What? Did he just say, do you want to make out? Holy Mother of God…

“Make out, like kissing?” I say, surely there is a catch or this will cost money or I will be on some inane Canadian Reality Show…Local hotties hit on fat American tourists, film at 11:00 or local serial killer strikes again, stupid American woman found dead in men's room

“Yeah, that’s what we do here in Canada, we make out.”

“Make out, like no hanky panky, just making out, kissing, that’s it?”

”Yeah, it will be fun, let’s go!” He asks my name and tells me his – it’s Paul.

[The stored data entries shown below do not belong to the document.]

(* Let $\mathbf{C}\in\mathbb{R}^{n\times n}$, let $\mathbf{X}=\mathbf{C}^\top\mathbf{C}$, and let $\Pi$ be any participation schema. For $\pi\in\Pi$, let $\mathbf{P}_\pi$ be the diagonal $0/1$ matrix with $\mathbf{P}_\pi[i,i]=1$ if and only if $i\in\pi$. Then the squared sensitivity satisfies $$\mathrm{sens}_\Pi(\mathbf{C})^2=\max_{\pi\in\Pi}\ \sup_{\mathbf{u}\in\mathfrak{D}}\ \mathrm{tr}\big([\mathbf{P}_\pi\mathbf{C}^\top\mathbf{C}\mathbf{P}_\pi][\mathbf{u}\mathbf{u}^\top]\big).$$ Moreover, since every $\mathbf{u}\in\mathfrak{D}$ has rows of $\ell_2$ norm at most $1$, $$\mathrm{sens}_\Pi(\mathbf{C})^2\le\max_{\pi\in\Pi}\sum_{i,j\in\pi}|\mathbf{X}_{[i,j]}|.$$ This upper bound holds with equality whenever $\mathbf{P}_\pi\mathbf{C}^\top\mathbf{C}\mathbf{P}_\pi$ is entrywise nonnegative for all $\pi\in\Pi$. These statements hold independently of the row dimension $d$.
   Context: A participation schema $\Pi$ is a set of subsets $\pi\subseteq[n]=\{1,\dots,n\}$ (the sets of steps in which one example may participate). $\mathfrak{D}$ is the set of all $\mathbf{u}\in\mathbb{R}^{n\times d}$ whose rows have $\ell_2$ norm at most $1$ and whose nonzero-row indices are contained in some $\pi\in\Pi$. The sensitivity of $\mathbf{C}$ is $\mathrm{sens}_\Pi(\mathbf{C})=\sup_{\mathbf{u}\in\mathfrak{D}}\|\mathbf{C}\mathbf{u}\|_F$. *)

theory Defs
  imports "HOL-Analysis.Analysis"
begin

text \<open>Steps [n] are modelled by the finite type 'n; the row dimension d by the finite type 'd.
  A matrix in R^(n x d) is a value of type real^'d^'n (row i is u $ i).\<close>

definition frob_norm :: "real^'d^'n \<Rightarrow> real" where
  "frob_norm A = sqrt (\<Sum>i\<in>UNIV. \<Sum>j\<in>UNIV. (A $ i $ j)^2)"

definition adm :: "'n set set \<Rightarrow> (real^'d^'n) set" where
  "adm Sch = {u. (\<forall>i. norm (u $ i) \<le> 1) \<and> (\<exists>p\<in>Sch. {i. u $ i \<noteq> 0} \<subseteq> p)}"

definition sens :: "'d::finite itself \<Rightarrow> ('n::finite) set set \<Rightarrow> real^'n^'n \<Rightarrow> real" where
  "sens _ Sch C = Sup ((\<lambda>u::real^'d^'n. frob_norm (C ** u)) ` adm Sch)"

definition proj_mat :: "'n set \<Rightarrow> real^'n^'n" where
  "proj_mat p = (\<chi> i j. if i = j \<and> i \<in> p then 1 else 0)"

end

theory Submission imports Defs begin

(* Writing X = C^T C, the Gram identity  |C u|_F^2 = sum_{i,j} X_ij <u_i, u_j>  turns the objective
   into a quadratic form in the rows of u. For u supported in p this equals
   tr(P_p X P_p u u^T), and projecting an admissible u onto p keeps it admissible, which gives the
   first formula. Cauchy-Schwarz bounds each |<u_i, u_j>| by 1, and if X is entrywise nonnegative
   on p x p the bound is attained by letting every row indexed by p be one and the same unit vector. *)

lemma frob_norm_nonneg: "0 \<le> frob_norm A"
  unfolding frob_norm_def by (simp add: sum_nonneg)

lemma frob_norm_sq_eq_sum_rows: "frob_norm A ^ 2 = (\<Sum>i\<in>UNIV. norm (A $ i) ^ 2)"
  unfolding frob_norm_def power2_norm_eq_inner inner_vec_def by (simp add: sum_nonneg power2_eq_square)

lemma matrix_matrix_mult_row: "(A ** u) $ r = (\<Sum>i\<in>UNIV. A $ r $ i *\<^sub>R u $ i)"
  by (simp add: vec_eq_iff matrix_matrix_mult_def sum_component)

lemma frob_norm_mult_sq_gram:
  fixes C :: "real^'n^'m" and u :: "real^'d^'n"
  shows "frob_norm (C ** u) ^ 2 = (\<Sum>i\<in>UNIV. \<Sum>j\<in>UNIV. (transpose C ** C) $ i $ j * (u $ i \<bullet> u $ j))"
proof -
  have "frob_norm (C ** u) ^ 2
      = (\<Sum>r\<in>UNIV. \<Sum>i\<in>UNIV. \<Sum>j\<in>UNIV. C $ r $ i * (C $ r $ j * (u $ j \<bullet> u $ i)))"
    by (simp add: frob_norm_sq_eq_sum_rows matrix_matrix_mult_row power2_norm_eq_inner
        inner_sum_left inner_sum_right sum_distrib_left)
  also have "\<dots> = (\<Sum>i\<in>UNIV. \<Sum>j\<in>UNIV. \<Sum>r\<in>UNIV. C $ r $ i * (C $ r $ j * (u $ j \<bullet> u $ i)))"
    by (subst sum.swap, rule sum.cong[OF refl], rule sum.swap)
  also have "\<dots> = (\<Sum>i\<in>UNIV. \<Sum>j\<in>UNIV. (transpose C ** C) $ i $ j * (u $ i \<bullet> u $ j))"
    by (simp add: matrix_matrix_mult_def transpose_def sum_distrib_right mult.assoc
        inner_commute[of "u $ i" "u $ j" for i j])
  finally show ?thesis .
qed

lemma frob_norm_mult_sq_gram_supported:
  fixes C :: "real^'n^'m" and u :: "real^'d^'n"
  assumes "{i. u $ i \<noteq> 0} \<subseteq> p"
  shows "frob_norm (C ** u) ^ 2 = (\<Sum>i\<in>p. \<Sum>j\<in>p. (transpose C ** C) $ i $ j * (u $ i \<bullet> u $ j))"
proof -
  have zero_outside: "i \<notin> p \<Longrightarrow> u $ i = 0" for i
    using assms by auto
  have "(\<Sum>i\<in>UNIV. \<Sum>j\<in>UNIV. (transpose C ** C) $ i $ j * (u $ i \<bullet> u $ j))
      = (\<Sum>i\<in>UNIV. \<Sum>j\<in>p. (transpose C ** C) $ i $ j * (u $ i \<bullet> u $ j))"
    using zero_outside by (intro sum.cong refl sum.mono_neutral_right) auto
  also have "\<dots> = (\<Sum>i\<in>p. \<Sum>j\<in>p. (transpose C ** C) $ i $ j * (u $ i \<bullet> u $ j))"
    using zero_outside by (intro sum.mono_neutral_right) auto
  finally show ?thesis
    by (simp add: frob_norm_mult_sq_gram)
qed

lemma frob_norm_mult_sq_le_abs_sum:
  fixes C :: "real^'n^'m" and u :: "real^'d^'n"
  assumes "\<And>i. norm (u $ i) \<le> 1" and "{i. u $ i \<noteq> 0} \<subseteq> p"
  shows "frob_norm (C ** u) ^ 2 \<le> (\<Sum>i\<in>p. \<Sum>j\<in>p. \<bar>(transpose C ** C) $ i $ j\<bar>)"
proof -
  have "x * (u $ i \<bullet> u $ j) \<le> \<bar>x\<bar>" for x :: real and i j
  proof -
    have "\<bar>u $ i \<bullet> u $ j\<bar> \<le> norm (u $ i) * norm (u $ j)"
      by (rule Cauchy_Schwarz_ineq2)
    also have "\<dots> \<le> 1"
      using assms(1) by (intro mult_le_one) auto
    finally have "\<bar>x\<bar> * \<bar>u $ i \<bullet> u $ j\<bar> \<le> \<bar>x\<bar>"
      by (intro mult_left_le) auto
    then show ?thesis
      by (metis abs_ge_self abs_mult order_trans)
  qed
  then show ?thesis
    unfolding frob_norm_mult_sq_gram_supported[OF assms(2)] by (intro sum_mono)
qed

lemma frob_norm_mult_sq_constant_rows:
  fixes C :: "real^'n^'m" and e :: "real^'d"
  assumes "norm e = 1"
  shows "frob_norm (C ** (\<chi> i. if i \<in> p then e else 0)) ^ 2 = (\<Sum>i\<in>p. \<Sum>j\<in>p. (transpose C ** C) $ i $ j)"
proof -
  have "e \<bullet> e = 1"
    using assms by (simp add: dot_square_norm)
  then show ?thesis
    by (subst frob_norm_mult_sq_gram_supported[where p = p]) auto
qed

lemma proj_mat_mult_left: "(proj_mat p ** (A::real^'m^'n)) $ i $ j = (if i \<in> p then A $ i $ j else 0)"
  by (simp add: proj_mat_def matrix_matrix_mult_def if_distrib[of "\<lambda>x. x * _"] cong: if_cong)

lemma proj_mat_mult_right: "((A::real^'n^'m) ** proj_mat p) $ i $ j = (if j \<in> p then A $ i $ j else 0)"
proof -
  have "(\<Sum>k\<in>UNIV. A $ i $ k * (if k = j \<and> k \<in> p then 1 else 0))
      = (\<Sum>k\<in>UNIV. if k = j then A $ i $ k * (if j \<in> p then 1 else 0) else 0)"
    by (intro sum.cong) auto
  then show ?thesis
    by (simp add: proj_mat_def matrix_matrix_mult_def)
qed

lemma proj_mat_mult_row: "(proj_mat p ** (u::real^'d^'n)) $ i = (if i \<in> p then u $ i else 0)"
  by (simp add: vec_eq_iff proj_mat_mult_left)

lemma proj_mat_mult_eq_self: "{i. u $ i \<noteq> 0} \<subseteq> p \<Longrightarrow> proj_mat p ** (u::real^'d^'n) = u"
  by (auto simp: vec_eq_iff proj_mat_mult_row)

lemma proj_mat_compression_entry:
  fixes C :: "real^'n^'m"
  shows "(proj_mat p ** transpose C ** C ** proj_mat p) $ i $ j
       = (if i \<in> p \<and> j \<in> p then (transpose C ** C) $ i $ j else 0)"
  by (simp add: matrix_mul_assoc[of "proj_mat p", symmetric] proj_mat_mult_left proj_mat_mult_right)

lemma trace_mult_outer:
  fixes M :: "real^'n^'n" and u :: "real^'d^'n"
  shows "trace (M ** (u ** transpose u)) = (\<Sum>i\<in>UNIV. \<Sum>j\<in>UNIV. M $ i $ j * (u $ i \<bullet> u $ j))"
  by (simp add: trace_def matrix_matrix_mult_def transpose_def inner_vec_def sum_distrib_left
      mult.commute[of "u $ i $ k" "u $ j $ k" for i j k])

lemma trace_compression_outer:
  fixes C :: "real^'n^'m" and u :: "real^'d^'n"
  shows "trace ((proj_mat p ** transpose C ** C ** proj_mat p) ** (u ** transpose u))
       = frob_norm (C ** (proj_mat p ** u)) ^ 2"
  unfolding trace_mult_outer frob_norm_mult_sq_gram proj_mat_compression_entry proj_mat_mult_row
  by (intro sum.cong refl) auto

lemma zero_in_adm: "Sch \<noteq> {} \<Longrightarrow> 0 \<in> adm Sch"
  unfolding adm_def by auto

lemma proj_mat_mult_in_adm: "u \<in> adm Sch \<Longrightarrow> proj_mat p ** u \<in> adm Sch"
  unfolding adm_def by (auto simp: proj_mat_mult_row)

lemma bdd_above_frob_norm_adm:
  fixes C :: "real^'n^'m"
  shows "bdd_above ((\<lambda>u::real^'d^'n. frob_norm (C ** u)) ` adm Sch)"
proof (rule bdd_aboveI2)
  fix u :: "real^'d^'n"
  assume "u \<in> adm Sch"
  then have "frob_norm (C ** u) ^ 2 \<le> (\<Sum>i\<in>UNIV. \<Sum>j\<in>UNIV. \<bar>(transpose C ** C) $ i $ j\<bar>)"
    unfolding adm_def by (intro frob_norm_mult_sq_le_abs_sum) auto
  then show "frob_norm (C ** u) \<le> sqrt (\<Sum>i\<in>UNIV. \<Sum>j\<in>UNIV. \<bar>(transpose C ** C) $ i $ j\<bar>)"
    by (rule real_le_rsqrt)
qed

lemma frob_norm_le_sens:
  fixes C :: "real^'n^'n" and u :: "real^'d^'n"
  assumes "u \<in> adm Sch"
  shows "frob_norm (C ** u) \<le> sens TYPE('d) Sch C"
  unfolding sens_def using assms bdd_above_frob_norm_adm by (intro cSup_upper) auto

lemma frob_norm_sq_le_sens_sq:
  fixes C :: "real^'n^'n" and u :: "real^'d^'n"
  assumes "u \<in> adm Sch"
  shows "frob_norm (C ** u) ^ 2 \<le> (sens TYPE('d) Sch C) ^ 2"
  using assms by (intro power_mono frob_norm_le_sens frob_norm_nonneg)

lemma sens_sq_le:
  fixes C :: "real^'n^'n"
  assumes "Sch \<noteq> {}" and bound: "\<And>u::real^'d^'n. u \<in> adm Sch \<Longrightarrow> frob_norm (C ** u) ^ 2 \<le> M"
  shows "(sens TYPE('d) Sch C) ^ 2 \<le> M"
proof -
  have zero: "(0::real^'d^'n) \<in> adm Sch"
    using assms(1) by (rule zero_in_adm)
  have "sens TYPE('d) Sch C \<le> sqrt M"
    unfolding sens_def using zero bound by (intro cSup_least) (auto intro: real_le_rsqrt)
  moreover have "0 \<le> sens TYPE('d) Sch C"
    using frob_norm_nonneg frob_norm_le_sens[OF zero] by (rule order_trans)
  moreover have "0 \<le> M"
    using zero_le_power2 bound[OF zero] by (rule order_trans)
  ultimately show ?thesis
    by (metis power_mono real_sqrt_pow2)
qed

lemma sens_sq_eq_Max_Sup_trace_compression:
  fixes C :: "real^'n^'n" and Sch :: "'n set set"
  assumes "Sch \<noteq> {}"
  shows "(sens TYPE('d) Sch C) ^ 2 = Max ((\<lambda>p. Sup ((\<lambda>u::real^'d^'n.
           trace ((proj_mat p ** transpose C ** C ** proj_mat p) ** (u ** transpose u))) ` adm Sch)) ` Sch)"
    (is "?s ^ 2 = Max ((\<lambda>p. Sup (?T p)) ` Sch)")
proof (rule antisym)
  have T_le: "t \<le> ?s ^ 2" if "t \<in> ?T p" for p t
    using that by (auto simp: trace_compression_outer intro: frob_norm_sq_le_sens_sq proj_mat_mult_in_adm)
  have T_nonempty: "?T p \<noteq> {}" for p
    using zero_in_adm[OF assms] by blast
  show "?s ^ 2 \<le> Max ((\<lambda>p. Sup (?T p)) ` Sch)"
  proof (rule sens_sq_le[OF assms])
    fix u :: "real^'d^'n"
    assume u: "u \<in> adm Sch"
    then obtain p where "p \<in> Sch" and supp: "{i. u $ i \<noteq> 0} \<subseteq> p"
      unfolding adm_def by blast
    have "frob_norm (C ** u) ^ 2 = trace ((proj_mat p ** transpose C ** C ** proj_mat p) ** (u ** transpose u))"
      by (simp add: trace_compression_outer proj_mat_mult_eq_self[OF supp])
    also have "\<dots> \<le> Sup (?T p)"
      using u T_le by (intro cSup_upper bdd_aboveI) auto
    also have "\<dots> \<le> Max ((\<lambda>p. Sup (?T p)) ` Sch)"
      using \<open>p \<in> Sch\<close> by (intro Max_ge) auto
    finally show "frob_norm (C ** u) ^ 2 \<le> Max ((\<lambda>p. Sup (?T p)) ` Sch)" .
  qed
  show "Max ((\<lambda>p. Sup (?T p)) ` Sch) \<le> ?s ^ 2"
    using assms T_nonempty T_le by (auto intro!: Max.boundedI cSup_least)
qed

lemma sens_sq_le_Max_abs_sum:
  fixes C :: "real^'n^'n" and Sch :: "'n set set"
  assumes "Sch \<noteq> {}"
  shows "(sens TYPE('d::finite) Sch C) ^ 2 \<le> Max ((\<lambda>p. \<Sum>i\<in>p. \<Sum>j\<in>p. \<bar>(transpose C ** C) $ i $ j\<bar>) ` Sch)"
proof (rule sens_sq_le[OF assms])
  fix u :: "real^'d^'n"
  assume "u \<in> adm Sch"
  then obtain p where "p \<in> Sch" "{i. u $ i \<noteq> 0} \<subseteq> p" "\<And>i. norm (u $ i) \<le> 1"
    unfolding adm_def by blast
  then show "frob_norm (C ** u) ^ 2 \<le> Max ((\<lambda>p. \<Sum>i\<in>p. \<Sum>j\<in>p. \<bar>(transpose C ** C) $ i $ j\<bar>) ` Sch)"
    by (intro order_trans[OF frob_norm_mult_sq_le_abs_sum Max_ge]) auto
qed

lemma Max_abs_sum_le_sens_sq_if_nonneg:
  fixes C :: "real^'n^'n" and Sch :: "'n set set"
  assumes "Sch \<noteq> {}"
    and nonneg: "\<forall>p\<in>Sch. \<forall>i j. (proj_mat p ** transpose C ** C ** proj_mat p) $ i $ j \<ge> 0"
  shows "Max ((\<lambda>p. \<Sum>i\<in>p. \<Sum>j\<in>p. \<bar>(transpose C ** C) $ i $ j\<bar>) ` Sch) \<le> (sens TYPE('d::finite) Sch C) ^ 2"
proof (rule Max.boundedI)
  fix s
  assume "s \<in> (\<lambda>p. \<Sum>i\<in>p. \<Sum>j\<in>p. \<bar>(transpose C ** C) $ i $ j\<bar>) ` Sch"
  then obtain p where p: "p \<in> Sch" and s: "s = (\<Sum>i\<in>p. \<Sum>j\<in>p. \<bar>(transpose C ** C) $ i $ j\<bar>)"
    by blast
  obtain e :: "real^'d" where e: "norm e = 1"
    using vector_choose_size[of 1] by auto
  have "0 \<le> (transpose C ** C) $ i $ j" if "i \<in> p" "j \<in> p" for i j
    using nonneg p that proj_mat_compression_entry[of p C i j] by (metis (mono_tags))
  then have "s = (\<Sum>i\<in>p. \<Sum>j\<in>p. (transpose C ** C) $ i $ j)"
    unfolding s by (intro sum.cong refl) auto
  also have "\<dots> = frob_norm (C ** (\<chi> i. if i \<in> p then e else 0)) ^ 2"
    using e by (rule frob_norm_mult_sq_constant_rows[symmetric])
  also have "\<dots> \<le> (sens TYPE('d) Sch C) ^ 2"
    using p e by (intro frob_norm_sq_le_sens_sq) (auto simp: adm_def)
  finally show "s \<le> (sens TYPE('d) Sch C) ^ 2" .
qed (use assms in auto)

theorem proposition3:
  fixes C :: "real^'n^'n" and Sch :: "'n set set"
  assumes "Sch \<noteq> {}"
  defines "X \<equiv> transpose C ** C"
  shows "(sens TYPE('d::finite) Sch C)^2 =
           Max ((\<lambda>p. Sup ((\<lambda>u::real^'d^'n.
              trace ((proj_mat p ** transpose C ** C ** proj_mat p) ** (u ** transpose u))) ` adm Sch)) ` Sch)
     \<and> (sens TYPE('d) Sch C)^2 \<le> Max ((\<lambda>p. \<Sum>i\<in>p. \<Sum>j\<in>p. \<bar>X $ i $ j\<bar>) ` Sch)
     \<and> ((\<forall>p\<in>Sch. \<forall>i j. (proj_mat p ** transpose C ** C ** proj_mat p) $ i $ j \<ge> 0) \<longrightarrow>
         (sens TYPE('d) Sch C)^2 = Max ((\<lambda>p. \<Sum>i\<in>p. \<Sum>j\<in>p. \<bar>X $ i $ j\<bar>) ` Sch))"
  unfolding X_def
  using sens_sq_eq_Max_Sup_trace_compression[OF assms(1)] sens_sq_le_Max_abs_sum[OF assms(1)]
    Max_abs_sum_le_sens_sq_if_nonneg[OF assms(1)]
  by (auto intro: antisym)

end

Paul has a hybrid Canadian-Irish accent and there is not a damn thing unattractive or even creepy about him that I can detect. He is not overtly intoxicated nor am I at this point and I am pondering what in the hell could be appealing about me in an oversized red sweatshirt. I’ve been racing on Inner Harbour all day, no make up, hair blown in three different directions, and Oh God, the huge white maple leaf festooned across my rack! It causes me to blurt out, “But you’re so attractive...” as if to say, why the hell would you want to kiss me?

Paul says, ”Yes – you are.” Okay, game on, that puts me over the edge of restraint and I agree to “make out” with Paul. He ushers me by the hand into the men’s room of this swank restaurant, locks us into a stall and we proceed to make out.

He is a great kisser, there is groping to be sure, and I shoo his hands away from the danger zones. I am not about to go “all the way” with a stranger, albeit young, foreign and handsome, in a men’s restroom in Victoria, British Columbia. I am reminded of my handsome and young first husband, also Canadian and am pronged with a spur of sadness but only for a moment. The “making out” lasts all of five minutes until my logic sensors decide to push him away from me before things get out of hand. He does not persist to my relief.

Back in the hallway, I tell him that he’s made my weekend, hell, my year. He smiles and walks away. He turns back and says, “Hey!”

“yes?”

“What’s my name?”

“Paul…” I say smiling, still not sure that any of it just happened. He says, “Will you remember me?”

Yes, for the rest of my life.

And that is the story of how I know I’m attractive, $55 bra or not.